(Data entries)
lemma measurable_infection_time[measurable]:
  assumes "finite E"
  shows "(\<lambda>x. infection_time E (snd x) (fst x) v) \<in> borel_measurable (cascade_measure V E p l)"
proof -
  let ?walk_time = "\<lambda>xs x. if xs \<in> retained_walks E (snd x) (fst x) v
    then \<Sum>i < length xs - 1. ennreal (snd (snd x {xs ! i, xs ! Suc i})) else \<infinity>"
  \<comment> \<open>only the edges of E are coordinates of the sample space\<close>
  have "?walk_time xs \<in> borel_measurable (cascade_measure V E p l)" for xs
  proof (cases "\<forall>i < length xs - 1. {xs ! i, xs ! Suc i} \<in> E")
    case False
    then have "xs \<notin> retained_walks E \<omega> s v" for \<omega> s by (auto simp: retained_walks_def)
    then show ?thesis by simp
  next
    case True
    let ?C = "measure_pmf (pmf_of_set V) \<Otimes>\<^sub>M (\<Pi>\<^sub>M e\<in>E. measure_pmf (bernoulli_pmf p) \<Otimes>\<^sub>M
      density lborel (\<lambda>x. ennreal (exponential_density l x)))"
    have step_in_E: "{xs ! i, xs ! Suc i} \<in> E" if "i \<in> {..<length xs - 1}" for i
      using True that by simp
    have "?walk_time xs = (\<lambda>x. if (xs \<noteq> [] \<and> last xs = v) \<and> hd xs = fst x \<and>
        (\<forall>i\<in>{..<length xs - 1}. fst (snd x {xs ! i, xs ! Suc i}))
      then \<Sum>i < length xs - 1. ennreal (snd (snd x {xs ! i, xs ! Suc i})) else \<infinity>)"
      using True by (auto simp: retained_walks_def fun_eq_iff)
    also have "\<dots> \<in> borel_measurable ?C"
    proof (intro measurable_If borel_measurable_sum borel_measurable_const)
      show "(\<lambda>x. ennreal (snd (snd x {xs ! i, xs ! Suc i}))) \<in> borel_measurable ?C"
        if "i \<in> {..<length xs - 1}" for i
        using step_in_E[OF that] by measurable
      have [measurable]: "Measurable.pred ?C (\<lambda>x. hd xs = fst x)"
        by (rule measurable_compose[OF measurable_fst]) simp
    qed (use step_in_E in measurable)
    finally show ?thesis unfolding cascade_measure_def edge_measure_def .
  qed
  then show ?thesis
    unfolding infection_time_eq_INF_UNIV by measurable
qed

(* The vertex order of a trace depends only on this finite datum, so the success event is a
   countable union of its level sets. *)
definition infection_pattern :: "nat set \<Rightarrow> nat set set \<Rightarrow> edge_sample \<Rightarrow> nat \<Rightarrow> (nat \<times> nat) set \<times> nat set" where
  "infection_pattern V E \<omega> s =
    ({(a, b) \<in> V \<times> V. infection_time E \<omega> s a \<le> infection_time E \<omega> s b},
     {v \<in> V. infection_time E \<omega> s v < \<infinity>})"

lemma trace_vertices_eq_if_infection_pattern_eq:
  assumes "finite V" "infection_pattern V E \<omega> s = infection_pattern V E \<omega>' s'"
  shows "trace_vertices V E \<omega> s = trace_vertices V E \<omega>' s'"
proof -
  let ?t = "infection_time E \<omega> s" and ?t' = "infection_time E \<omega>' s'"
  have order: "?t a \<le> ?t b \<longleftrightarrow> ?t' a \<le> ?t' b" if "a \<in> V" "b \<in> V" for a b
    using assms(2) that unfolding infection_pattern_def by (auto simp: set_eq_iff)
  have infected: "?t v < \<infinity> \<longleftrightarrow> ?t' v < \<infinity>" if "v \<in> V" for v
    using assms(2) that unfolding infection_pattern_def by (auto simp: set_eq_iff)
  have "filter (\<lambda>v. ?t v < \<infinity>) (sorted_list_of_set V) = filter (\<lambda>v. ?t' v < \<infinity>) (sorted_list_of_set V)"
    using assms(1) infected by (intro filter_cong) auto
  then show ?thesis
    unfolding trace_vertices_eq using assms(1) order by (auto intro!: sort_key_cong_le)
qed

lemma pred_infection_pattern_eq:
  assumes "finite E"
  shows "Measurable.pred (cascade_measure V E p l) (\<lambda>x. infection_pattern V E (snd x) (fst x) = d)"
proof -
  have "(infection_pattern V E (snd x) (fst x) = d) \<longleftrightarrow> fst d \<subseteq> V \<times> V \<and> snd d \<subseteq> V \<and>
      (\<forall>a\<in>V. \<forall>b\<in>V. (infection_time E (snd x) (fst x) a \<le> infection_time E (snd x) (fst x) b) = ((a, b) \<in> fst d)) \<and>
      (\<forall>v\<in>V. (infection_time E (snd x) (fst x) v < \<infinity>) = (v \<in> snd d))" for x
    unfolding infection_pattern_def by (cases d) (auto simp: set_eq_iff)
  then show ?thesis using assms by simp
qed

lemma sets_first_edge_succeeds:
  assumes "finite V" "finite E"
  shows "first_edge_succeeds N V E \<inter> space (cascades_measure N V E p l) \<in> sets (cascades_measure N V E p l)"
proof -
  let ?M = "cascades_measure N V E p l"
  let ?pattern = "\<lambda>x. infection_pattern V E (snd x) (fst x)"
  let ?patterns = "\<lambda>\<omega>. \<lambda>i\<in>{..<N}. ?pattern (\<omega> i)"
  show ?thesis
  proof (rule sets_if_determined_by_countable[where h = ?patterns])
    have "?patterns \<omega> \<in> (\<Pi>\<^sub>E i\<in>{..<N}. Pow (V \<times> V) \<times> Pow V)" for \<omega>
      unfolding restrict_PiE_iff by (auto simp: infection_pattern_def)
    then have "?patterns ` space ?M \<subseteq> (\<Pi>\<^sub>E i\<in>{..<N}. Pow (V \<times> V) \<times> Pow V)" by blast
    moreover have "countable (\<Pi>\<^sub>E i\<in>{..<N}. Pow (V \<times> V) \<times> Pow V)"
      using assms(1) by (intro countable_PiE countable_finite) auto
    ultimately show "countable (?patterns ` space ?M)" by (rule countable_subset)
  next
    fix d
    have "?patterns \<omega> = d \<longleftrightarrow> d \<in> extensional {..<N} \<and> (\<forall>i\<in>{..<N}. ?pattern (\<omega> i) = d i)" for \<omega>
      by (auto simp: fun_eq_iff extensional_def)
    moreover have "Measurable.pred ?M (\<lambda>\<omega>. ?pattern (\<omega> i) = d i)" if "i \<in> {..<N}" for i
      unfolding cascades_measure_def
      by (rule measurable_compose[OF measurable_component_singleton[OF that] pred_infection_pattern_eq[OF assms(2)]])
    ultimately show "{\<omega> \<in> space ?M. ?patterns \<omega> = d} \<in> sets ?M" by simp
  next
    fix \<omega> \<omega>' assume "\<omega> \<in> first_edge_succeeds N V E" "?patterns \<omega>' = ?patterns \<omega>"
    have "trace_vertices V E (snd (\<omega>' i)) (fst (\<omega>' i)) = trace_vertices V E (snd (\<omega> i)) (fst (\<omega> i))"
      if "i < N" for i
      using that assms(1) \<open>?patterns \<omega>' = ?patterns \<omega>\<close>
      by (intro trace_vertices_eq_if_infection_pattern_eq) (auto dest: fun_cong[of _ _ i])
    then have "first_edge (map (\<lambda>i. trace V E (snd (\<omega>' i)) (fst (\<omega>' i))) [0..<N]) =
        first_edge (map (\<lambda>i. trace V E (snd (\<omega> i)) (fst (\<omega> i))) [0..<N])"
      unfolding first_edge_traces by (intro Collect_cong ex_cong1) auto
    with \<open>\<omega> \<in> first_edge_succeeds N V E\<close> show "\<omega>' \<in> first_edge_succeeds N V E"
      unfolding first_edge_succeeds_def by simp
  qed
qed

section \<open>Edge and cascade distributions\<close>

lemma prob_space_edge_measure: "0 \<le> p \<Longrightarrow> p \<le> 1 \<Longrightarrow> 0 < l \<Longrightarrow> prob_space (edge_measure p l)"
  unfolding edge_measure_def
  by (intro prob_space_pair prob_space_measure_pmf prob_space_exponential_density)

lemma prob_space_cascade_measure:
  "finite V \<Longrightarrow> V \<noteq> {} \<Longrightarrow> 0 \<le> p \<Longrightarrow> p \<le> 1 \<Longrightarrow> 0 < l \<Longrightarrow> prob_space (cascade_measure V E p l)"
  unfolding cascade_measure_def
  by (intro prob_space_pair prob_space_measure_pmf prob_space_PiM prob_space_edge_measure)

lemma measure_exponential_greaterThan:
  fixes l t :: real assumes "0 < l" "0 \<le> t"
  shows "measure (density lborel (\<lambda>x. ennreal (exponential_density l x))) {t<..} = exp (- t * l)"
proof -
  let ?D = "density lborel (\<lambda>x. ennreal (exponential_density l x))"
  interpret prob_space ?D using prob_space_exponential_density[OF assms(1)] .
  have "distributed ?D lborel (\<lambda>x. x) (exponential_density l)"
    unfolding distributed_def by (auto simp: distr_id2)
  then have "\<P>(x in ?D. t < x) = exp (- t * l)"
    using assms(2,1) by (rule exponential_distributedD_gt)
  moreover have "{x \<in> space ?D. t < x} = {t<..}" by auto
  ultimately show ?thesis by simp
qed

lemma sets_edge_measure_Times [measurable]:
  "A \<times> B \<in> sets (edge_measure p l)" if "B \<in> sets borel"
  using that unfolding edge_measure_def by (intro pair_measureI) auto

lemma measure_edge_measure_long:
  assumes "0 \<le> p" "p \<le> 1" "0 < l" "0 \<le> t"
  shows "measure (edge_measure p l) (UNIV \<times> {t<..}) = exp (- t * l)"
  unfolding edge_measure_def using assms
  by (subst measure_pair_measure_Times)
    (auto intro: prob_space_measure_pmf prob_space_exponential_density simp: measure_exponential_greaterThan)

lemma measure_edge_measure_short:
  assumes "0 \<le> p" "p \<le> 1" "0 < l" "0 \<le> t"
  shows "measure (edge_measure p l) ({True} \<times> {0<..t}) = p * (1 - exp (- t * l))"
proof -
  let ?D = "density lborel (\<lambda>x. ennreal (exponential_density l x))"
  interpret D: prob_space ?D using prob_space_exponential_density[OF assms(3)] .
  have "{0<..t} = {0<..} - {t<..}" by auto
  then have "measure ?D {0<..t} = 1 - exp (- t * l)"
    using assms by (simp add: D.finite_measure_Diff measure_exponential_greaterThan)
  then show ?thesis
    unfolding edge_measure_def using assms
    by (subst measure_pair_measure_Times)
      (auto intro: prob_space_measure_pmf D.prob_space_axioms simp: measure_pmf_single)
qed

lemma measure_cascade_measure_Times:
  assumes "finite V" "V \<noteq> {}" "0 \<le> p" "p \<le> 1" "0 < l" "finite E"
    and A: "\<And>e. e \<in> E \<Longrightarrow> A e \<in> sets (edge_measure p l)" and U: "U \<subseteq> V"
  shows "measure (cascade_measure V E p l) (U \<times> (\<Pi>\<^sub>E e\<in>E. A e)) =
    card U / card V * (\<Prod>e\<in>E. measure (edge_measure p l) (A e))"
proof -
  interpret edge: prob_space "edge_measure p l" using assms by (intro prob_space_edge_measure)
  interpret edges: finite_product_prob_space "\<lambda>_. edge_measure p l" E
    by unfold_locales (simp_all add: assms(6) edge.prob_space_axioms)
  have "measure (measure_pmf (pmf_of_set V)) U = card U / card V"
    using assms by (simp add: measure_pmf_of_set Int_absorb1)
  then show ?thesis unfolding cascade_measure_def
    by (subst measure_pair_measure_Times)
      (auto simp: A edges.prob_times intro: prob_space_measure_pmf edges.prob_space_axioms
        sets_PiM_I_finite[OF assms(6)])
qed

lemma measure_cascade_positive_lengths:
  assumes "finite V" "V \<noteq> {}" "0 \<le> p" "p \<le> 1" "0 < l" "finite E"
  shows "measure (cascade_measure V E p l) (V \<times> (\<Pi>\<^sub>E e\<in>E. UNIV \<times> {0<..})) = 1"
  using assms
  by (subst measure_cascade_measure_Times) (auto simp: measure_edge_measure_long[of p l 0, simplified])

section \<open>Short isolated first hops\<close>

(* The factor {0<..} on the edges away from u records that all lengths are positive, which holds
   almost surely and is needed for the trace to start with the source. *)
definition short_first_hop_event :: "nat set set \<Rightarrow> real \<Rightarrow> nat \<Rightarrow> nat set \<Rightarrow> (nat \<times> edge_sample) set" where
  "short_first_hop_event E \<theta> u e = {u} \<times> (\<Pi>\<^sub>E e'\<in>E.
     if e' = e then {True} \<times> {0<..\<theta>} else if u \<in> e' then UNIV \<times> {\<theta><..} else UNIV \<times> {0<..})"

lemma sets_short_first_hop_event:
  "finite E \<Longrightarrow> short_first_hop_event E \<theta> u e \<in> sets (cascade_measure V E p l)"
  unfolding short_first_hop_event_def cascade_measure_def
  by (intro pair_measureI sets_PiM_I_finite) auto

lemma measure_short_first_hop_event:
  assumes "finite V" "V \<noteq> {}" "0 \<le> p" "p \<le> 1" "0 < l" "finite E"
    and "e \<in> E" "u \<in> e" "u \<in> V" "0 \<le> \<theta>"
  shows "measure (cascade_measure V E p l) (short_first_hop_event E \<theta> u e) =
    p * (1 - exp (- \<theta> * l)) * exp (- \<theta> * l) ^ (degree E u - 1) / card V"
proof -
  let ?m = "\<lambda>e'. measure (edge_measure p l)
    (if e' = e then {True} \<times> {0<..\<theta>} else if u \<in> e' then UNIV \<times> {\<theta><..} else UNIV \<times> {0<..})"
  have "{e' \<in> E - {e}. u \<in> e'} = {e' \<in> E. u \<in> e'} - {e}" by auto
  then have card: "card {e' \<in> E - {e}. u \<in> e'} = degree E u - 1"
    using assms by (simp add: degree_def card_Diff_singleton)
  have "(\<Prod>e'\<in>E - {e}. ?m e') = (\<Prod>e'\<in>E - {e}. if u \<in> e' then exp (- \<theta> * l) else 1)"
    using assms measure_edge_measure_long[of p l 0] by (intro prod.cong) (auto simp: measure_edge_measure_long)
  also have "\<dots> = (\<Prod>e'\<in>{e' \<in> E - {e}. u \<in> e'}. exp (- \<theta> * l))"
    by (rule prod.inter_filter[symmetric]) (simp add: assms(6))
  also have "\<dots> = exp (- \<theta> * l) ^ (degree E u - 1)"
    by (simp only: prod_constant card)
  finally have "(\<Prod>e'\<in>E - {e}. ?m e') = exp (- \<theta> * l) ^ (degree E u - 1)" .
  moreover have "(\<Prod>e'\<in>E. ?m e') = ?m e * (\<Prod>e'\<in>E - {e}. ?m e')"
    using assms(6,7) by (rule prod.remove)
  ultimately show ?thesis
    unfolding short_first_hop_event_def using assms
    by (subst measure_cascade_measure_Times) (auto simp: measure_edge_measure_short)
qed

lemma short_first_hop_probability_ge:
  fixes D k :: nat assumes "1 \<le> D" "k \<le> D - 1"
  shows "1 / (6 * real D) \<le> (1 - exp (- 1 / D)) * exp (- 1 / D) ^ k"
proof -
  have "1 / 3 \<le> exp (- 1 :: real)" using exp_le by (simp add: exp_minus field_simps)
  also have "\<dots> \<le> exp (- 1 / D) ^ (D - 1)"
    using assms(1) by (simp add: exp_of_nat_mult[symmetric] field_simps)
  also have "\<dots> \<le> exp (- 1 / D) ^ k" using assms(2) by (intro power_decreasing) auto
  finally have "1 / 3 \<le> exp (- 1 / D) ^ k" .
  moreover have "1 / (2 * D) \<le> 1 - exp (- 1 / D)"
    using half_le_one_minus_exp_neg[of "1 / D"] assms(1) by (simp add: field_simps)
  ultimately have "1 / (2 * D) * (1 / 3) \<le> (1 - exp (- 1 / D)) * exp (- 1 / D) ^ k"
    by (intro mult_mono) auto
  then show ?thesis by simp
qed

§ What this task involves
Start with the line above that contains "sets_PiM_I_finite[OF assms(6)])" and stop after the line that contains "set \<Rightarrow> real". Output those lines exactly, and only those.

§ Output for this exercise
        sets_PiM_I_finite[OF assms(6)])
qed

lemma measure_cascade_positive_lengths:
  assumes "finite V" "V \<noteq> {}" "0 \<le> p" "p \<le> 1" "0 < l" "finite E"
  shows "measure (cascade_measure V E p l) (V \<times> (\<Pi>\<^sub>E e\<in>E. UNIV \<times> {0<..})) = 1"
  using assms
  by (subst measure_cascade_measure_Times) (auto simp: measure_edge_measure_long[of p l 0, simplified])

section \<open>Short isolated first hops\<close>

(* The factor {0<..} on the edges away from u records that all lengths are positive, which holds
   almost surely and is needed for the trace to start with the source. *)
definition short_first_hop_event :: "nat set set \<Rightarrow> real \<Rightarrow> nat \<Rightarrow> nat set \<Rightarrow> (nat \<times> edge_sample) set" where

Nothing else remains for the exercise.